Полина прикусила губу, мысленно ругая себя за самонадеянность. Размышляя, продавать эту квартиру или нет, она отложила планы на установку стеклопакетов, да и денег лишних не было. И ничто ведь не предвещало таких нашествий: окна её квартиры выходили на оживлённый внутридворовый проезд, мимо туда-сюда сновали люди, а неподалёку наискосок ещё располагался и районный пункт милиции. Но разве Антона остановят такие обстоятельства?

– Дай пожрать, подруга, – примирительно попросил Антон.

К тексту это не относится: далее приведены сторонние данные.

(* Let $\mathcal{W}\in\mathbb{R}^{w_1\times\cdots\times w_N}$ with $N\ge 2$. For $n=1,\dots,N$ let $e_n(m)\in\mathbb{Z}_{>0}^N$ denote the shape with $m$ in position $n$ and $1$ in all other positions, and let $\mathbf{1}=(1,\dots,1)$. (i) (CP) If $\mathcal{W}_{i_1\cdots i_N}=\sum_{r=1}^{R}U^{(1)}_{r i_1}\cdots U^{(N)}_{r i_N}$ for some matrices $U^{(n)}\in\mathbb{R}^{R\times w_n}$, then $\mathcal{W}$ admits a SeKron representation with $S=N$, ranks $R_1=R$, $R_2=\cdots=R_{N-1}=1$, and factor shapes $e_n(w_n)$ for the $n$-th factor. (ii) (Tucker) If $\mathcal{W}_{i_1\cdots i_N}=\sum_{r_1,\dots,r_N}\mathcal{G}_{r_1\cdots r_N}U^{(1)}_{i_1r_1}\cdots U^{(N)}_{i_Nr_N}$ for some core $\mathcal{G}\in\mathbb{R}^{R_1^{T}\times\cdots\times R_N^{T}}$ and matrices $U^{(n)}\in\mathbb{R}^{w_n\times R^{T}_n}$, then $\mathcal{W}$ admits a SeKron representation with $S=N+1$, ranks $R_n=R^{T}_n$ ($n=1,\dots,N$), factor shapes $e_n(w_n)$ for the $n$-th factor ($n\le N$) and $\mathbf{1}$ for the $(N+1)$-th factor. (iii) (Tensor Ring, and hence Tensor Train as the case $R^{TR}_1=1$) If $\mathcal{W}_{i_1\cdots i_N}=\sum_{r_1,\dots,r_N}\mathcal{G}^{(1)}_{i_1r_1r_2}\mathcal{G}^{(2)}_{i_2r_2r_3}\cdots\mathcal{G}^{(N)}_{i_Nr_Nr_{N+1}}$ with $r_{N+1}:=r_1$, for some cores $\mathcal{G}^{(n)}\in\mathbb{R}^{w_n\times R^{TR}_n\times R^{TR}_{n+1}}$ with $R^{TR}_{N+1}=R^{TR}_1$, then $\mathcal{W}$ admits a SeKron representation with $S=N+1$, ranks $R_n=R^{TR}_n$ ($n=1,\dots,N$), factor shape $\mathbf{1}$ for the first factor and $e_n(w_n)$ for the $(n+1)$-th factor ($n=1,\dots,N$).
   Context: Indices are 0-based. Kronecker product of tensors $\mathcal{A}\in\mathbb{R}^{a_1\times\cdots\times a_N}$, $\mathcal{B}\in\mathbb{R}^{b_1\times\cdots\times b_N}$: $(\mathcal{A}\otimes\mathcal{B})_{i_1\cdots i_N}=\mathcal{A}_{j_1\cdots j_N}\mathcal{B}_{k_1\cdots k_N}$, $j_n=\lfloor i_n/b_n\rfloor$, $k_n=i_n\bmod b_n$; it is associative and bilinear. A SeKron representation of $\mathcal{W}$ with sequence length $S$, ranks $R_1,\dots,R_{S-1}$ and factor shapes $(a^{(k)}_1,\dots,a^{(k)}_N)$, $k=1,\dots,S$ (with $\prod_k a^{(k)}_n=w_n$), is an identity $\mathcal{W}=\sum_{r_1=1}^{R_1}\cdots\sum_{r_{S-1}=1}^{R_{S-1}}\mathcal{A}^{(1)}_{r_1}\otimes\mathcal{A}^{(2)}_{r_1r_2}\otimes\cdots\otimes\mathcal{A}^{(S-1)}_{r_1\cdots r_{S-1}}\otimes\mathcal{A}^{(S)}_{r_1\cdots r_{S-1}}$ with $\mathcal{A}^{(k)}_{\cdots}\in\mathbb{R}^{a^{(k)}_1\times\cdots\times a^{(k)}_N}$. *)

theory Defs
  imports Complex_Main
begin

text \<open>An order-N real tensor of shape w (a list of length N) is a function on
  0-based index lists; only indices within bounds matter.\<close>
type_synonym tensor = "nat list \<Rightarrow> real"

definition in_bounds :: "nat list \<Rightarrow> nat list \<Rightarrow> bool" where
  "in_bounds w i \<longleftrightarrow> length i = length w \<and> (\<forall>n<length w. i ! n < w ! n)"

definition kron :: "nat list \<Rightarrow> tensor \<Rightarrow> tensor \<Rightarrow> tensor" where
  "kron bs A B = (\<lambda>i. A (map2 (div) i bs) * B (map2 (mod) i bs))"

fun kronl :: "(nat list \<times> tensor) list \<Rightarrow> nat list \<times> tensor" where
  "kronl [] = ([], (\<lambda>_. 1))"
| "kronl [x] = x"
| "kronl (x # xs) = (let (s, B) = kronl xs in (map2 (*) (fst x) s, kron s (snd x) B))"

text \<open>Rank tuples (r_1,...,r_m) stored 0-based: r_j < R j (ranks indexed from 1).\<close>
definition rank_tuples :: "(nat \<Rightarrow> nat) \<Rightarrow> nat \<Rightarrow> nat list set" where
  "rank_tuples R m = {rs. length rs = m \<and> (\<forall>j<m. rs ! j < R (Suc j))}"

text \<open>SeKron representation of W (shape w) with sequence length S, ranks R 1..R (S-1)
  and factor shapes a 1..a S.\<close>
definition has_sekron ::
  "nat list \<Rightarrow> tensor \<Rightarrow> nat \<Rightarrow> (nat \<Rightarrow> nat) \<Rightarrow> (nat \<Rightarrow> nat list) \<Rightarrow> bool" where
  "has_sekron w W S R a \<longleftrightarrow>
     1 \<le> S \<and>
     (\<forall>k\<in>{1..S}. length (a k) = length w) \<and>
     (\<forall>n<length w. (\<Prod>k=1..S. a k ! n) = w ! n) \<and>
     (\<exists>A :: nat \<Rightarrow> nat list \<Rightarrow> tensor.
        \<forall>i. in_bounds w i \<longrightarrow>
          W i = (\<Sum>rs\<in>rank_tuples R (S - 1).
                   snd (kronl (map (\<lambda>k. (a k, A k (take (min k (S - 1)) rs))) [1..<S + 1])) i))"

definition e_shape :: "nat \<Rightarrow> nat \<Rightarrow> nat \<Rightarrow> nat list" where
  "e_shape N n m = map (\<lambda>j. if Suc j = n then m else 1) [0..<N]"

end

theory Submission
  imports Defs "HOL-Library.Disjoint_Sets"
begin

text \<open>If in every mode at most one factor of a Kronecker product has size different from 1, the
  product has no mixed-radix carries: the factor owning mode n sees the index i_n itself and all other factors see
  index 0 there, so an entry of the product is simply the product of the factors' entries at
  i mod (factor shape). Each of CP, Tucker and Tensor Ring puts its n-th factor matrix or core into
  a factor of shape e_n(w_n), which owns mode n alone, and carries the remaining coupling (the CP
  component, the Tucker core, the closing rank of the ring) in the rank indices; summing over rank
  prefixes then reproduces the defining sum of the decomposition.\<close>

definition nontrivial_modes :: "nat list \<Rightarrow> nat set" where
  "nontrivial_modes s = {n. n < length s \<and> s ! n \<noteq> 1}"

lemma kronl_shape:
  assumes "xs \<noteq> []" and "\<forall>x\<in>set xs. length (fst x) = N"
  shows "length (fst (kronl xs)) = N \<and>
         (\<forall>n<N. fst (kronl xs) ! n = (\<Prod>x\<leftarrow>xs. fst x ! n))"
  using assms
proof (induction xs rule: kronl.induct)
  case (3 x y zs)
  then show ?case by (auto split: prod.split)
qed simp_all

lemma disjoint_nontrivial_modes_Cons:
  assumes disj:
    "disjoint_family_on (\<lambda>j. nontrivial_modes (f ((x # xs) ! j))) {..<Suc (length xs)}"
  shows "disjoint_family_on (\<lambda>j. nontrivial_modes (f (xs ! j))) {..<length xs}"
    and "n \<in> nontrivial_modes (f x) \<Longrightarrow> t \<in> set xs \<Longrightarrow> n \<notin> nontrivial_modes (f t)"
proof -
  show "disjoint_family_on (\<lambda>j. nontrivial_modes (f (xs ! j))) {..<length xs}"
    unfolding disjoint_family_on_def
  proof (intro ballI impI)
    fix j j' assume "j \<in> {..<length xs}" "j' \<in> {..<length xs}" "j \<noteq> j'"
    then show "nontrivial_modes (f (xs ! j)) \<inter> nontrivial_modes (f (xs ! j')) = {}"
      using disjoint_family_onD[OF disj, of "Suc j" "Suc j'"] by simp
  qed
  assume "n \<in> nontrivial_modes (f x)" "t \<in> set xs"
  moreover obtain j where "j < length xs" "t = xs ! j"
    using \<open>t \<in> set xs\<close> by (metis in_set_conv_nth)
  ultimately show "n \<notin> nontrivial_modes (f t)"
    using disjoint_family_onD[OF disj, of 0 "Suc j"] by auto
qed

lemma div_eq_mod_if_trivial_factor:
  fixes i x s :: nat
  assumes "i < x * s" and "x = 1 \<or> s = 1"
  shows "i div s = i mod x"
  using assms by auto

lemma map2_mod_mod_dvd:
  fixes i a b :: "nat list"
  assumes "length a = length i" and "length b = length i" and "\<forall>n<length i. b ! n dvd a ! n"
  shows "map2 (mod) (map2 (mod) i a) b = map2 (mod) i b"
  using assms by (auto intro!: nth_equalityI simp: mod_mod_cancel)
lemma gnp_prob_edge_pattern:
  assumes "S \<subseteq> all_edges n" "T \<subseteq> all_edges n" "S \<inter> T = {}"
  shows "gnp_prob n p (edge_pattern S T) = p ^ card S * (1 - p) ^ card T"
proof -
  define A where "A = all_edges n"
  define R where "R = A - S - T"
  have fin: "finite A" "finite S" "finite T" "finite R"
    using assms finite_all_edges[of n] unfolding A_def R_def by (auto intro: finite_subset)
  have card_A: "card A = card S + card T + card R"
  proof -
    have "A = S \<union> T \<union> R" "S \<inter> T = {}" "(S \<union> T) \<inter> R = {}"
      using assms unfolding A_def R_def by auto
    then show ?thesis using fin by (simp add: card_Un_disjoint)
  qed
  have events: "{E. E \<subseteq> A \<and> edge_pattern S T E} = (\<union>) S ` Pow R"
    unfolding edge_pattern_def R_def using assms unfolding A_def
    by (auto intro!: image_eqI[where x="_ - S"])
  have inj: "inj_on ((\<union>) S) (Pow R)"
    unfolding R_def inj_on_def by blast
  have weight: "gnp_weight n p (S \<union> F) =
      p ^ card S * (1 - p) ^ card T * (p ^ card F * (1 - p) ^ (card R - card F))"
    if "F \<in> Pow R" for F
  proof -
    have "finite F" "S \<inter> F = {}" "card F \<le> card R"
      using that fin by (auto simp: R_def card_mono finite_subset)
    then have "card (S \<union> F) = card S + card F"
      "card S + card T + card R - (card S + card F) = card T + (card R - card F)"
      using fin by (simp_all add: card_Un_disjoint)
    then show ?thesis
      unfolding gnp_weight_def A_def[symmetric] card_A by (simp add: power_add)
  qed
  have "gnp_prob n p (edge_pattern S T) = (\<Sum>F\<in>Pow R. gnp_weight n p (S \<union> F))"
    unfolding gnp_prob_def A_def[symmetric] events by (simp add: sum.reindex[OF inj])
  also have "\<dots> = p ^ card S * (1 - p) ^ card T * (p + (1 - p)) ^ card R"
    by (simp add: weight sum_distrib_left[symmetric] sum_Pow_card_power fin)
  finally show ?thesis by simp
qed
lemma gauss_kernel_line_deriv:
  fixes x v y :: "'a::real_inner"
  assumes "s \<noteq> 0"
  shows "((\<lambda>t. gauss_kernel s (x + t *\<^sub>R v) y) has_real_derivative
          ((y - (x + t *\<^sub>R v)) \<bullet> v / s * gauss_kernel s (x + t *\<^sub>R v) y)) (at t)"
proof -
  have sq: "(norm (y - (x + t *\<^sub>R v)))\<^sup>2 = (norm (y - x))\<^sup>2 - 2 * t * ((y - x) \<bullet> v) + t\<^sup>2 * (norm v)\<^sup>2" for t
    unfolding power2_norm_eq_inner
    by (simp add: inner_diff_left inner_diff_right inner_commute power2_eq_square algebra_simps)
  have lin: "(y - (x + t *\<^sub>R v)) \<bullet> v = (y - x) \<bullet> v - t * (norm v)\<^sup>2"
    by (simp add: inner_diff_left inner_add_left power2_norm_eq_inner)
  have "((\<lambda>t. - ((norm (y - x))\<^sup>2 - 2 * t * ((y - x) \<bullet> v) + t\<^sup>2 * (norm v)\<^sup>2) / (2 * s))
          has_real_derivative ((y - x) \<bullet> v - t * (norm v)\<^sup>2) / s) (at t)"
    using assms by (auto intro!: derivative_eq_intros simp: field_simps)
  from DERIV_exp[THEN DERIV_chain2, OF this] show ?thesis
    unfolding gauss_kernel_def sq lin by (simp add: mult.commute)
qed

lemma gauss_kernel_line_deriv2:
  fixes x v y :: "'a::real_inner"
  assumes "s \<noteq> 0"
  shows "((\<lambda>t. (y - (x + t *\<^sub>R v)) \<bullet> v / s * gauss_kernel s (x + t *\<^sub>R v) y) has_real_derivative
          (((y - (x + t *\<^sub>R v)) \<bullet> v)\<^sup>2 / s\<^sup>2 - (norm v)\<^sup>2 / s) * gauss_kernel s (x + t *\<^sub>R v) y) (at t)"
proof -
  have lin: "(y - (x + t *\<^sub>R v)) \<bullet> v / s = (y - x) \<bullet> v / s - t * ((norm v)\<^sup>2 / s)" for t
    by (simp add: inner_diff_left inner_add_left power2_norm_eq_inner diff_divide_distrib add_divide_distrib)
  have "((\<lambda>t. (y - (x + t *\<^sub>R v)) \<bullet> v / s) has_real_derivative - (norm v)\<^sup>2 / s) (at t)"
    unfolding lin using assms by (auto intro!: derivative_eq_intros)
  from DERIV_mult[OF this gauss_kernel_line_deriv[OF assms]] show ?thesis
    using assms by (simp add: power2_eq_square field_simps)
qed

definition conv_gauss :: "('a::euclidean_space \<Rightarrow> real) \<Rightarrow> real \<Rightarrow> 'a \<Rightarrow> real" where
  "conv_gauss h s p = (\<integral>y. h y * gauss_kernel s p y \<partial>lborel)"

definition conv_gauss_deriv :: "('a::euclidean_space \<Rightarrow> real) \<Rightarrow> real \<Rightarrow> 'a \<Rightarrow> 'a \<Rightarrow> real" where
  "conv_gauss_deriv h s p v = (\<integral>y. h y * ((y - p) \<bullet> v / s * gauss_kernel s p y) \<partial>lborel)"

definition conv_gauss_deriv2 :: "('a::euclidean_space \<Rightarrow> real) \<Rightarrow> real \<Rightarrow> 'a \<Rightarrow> 'a \<Rightarrow> real" where
  "conv_gauss_deriv2 h s p v =
     (\<integral>y. h y * ((((y - p) \<bullet> v)\<^sup>2 / s\<^sup>2 - (norm v)\<^sup>2 / s) * gauss_kernel s p y) \<partial>lborel)"

context
  fixes h :: "'a::euclidean_space \<Rightarrow> real" and s :: real
  assumes h_int: "integrable lborel h" and s_pos: "s > 0"
begin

Полина вскипятила воду, заварила чай, разлила напиток по кружкам. Достав из холодильника, что было, сделала для Антона бутерброд с колбасой, а себе с сыром. Антон с жадностью накинулся на бутерброд, тотчас проглотил его и сделал уже сам себе второй. Расправившись и с ним, наконец приступил к деловому разговору:

– Слушай, Полин, такое дело. Я поживу у тебя месячишко. Строительство моего жилья что-то застопорилось, а за съём квартиры платить нечем. Я сейчас на мели.

Полина закатила глаза к потолку и вздохнула. Слишком хорошо она знала своего бывшего мужа – у него месячишко и в полгода может вылиться. Держать слово не в его привычке. Она взглянула на его засаленные лохмы, на обрюзгшее лицо, невольно вдохнула запах несвежей футболки:

– Конечно нет! Вначале заселишься, потом к холодильнику прилепишься, потом дружков-подружек приведёшь?!

Антон встал со своего места, обошёл стол кругом, остановился рядом с сидящей на краю табуретки Полиной и нежно опустил руку на её шею. Кисловатый запах водочного перегара захватил Полину. Она мотнула головой, скинув его ладонь.

– Не надо. Уходи, Антон!

– Мне негде жить.

– Но где-то ты ночуешь? Где-то лежат твои вещи?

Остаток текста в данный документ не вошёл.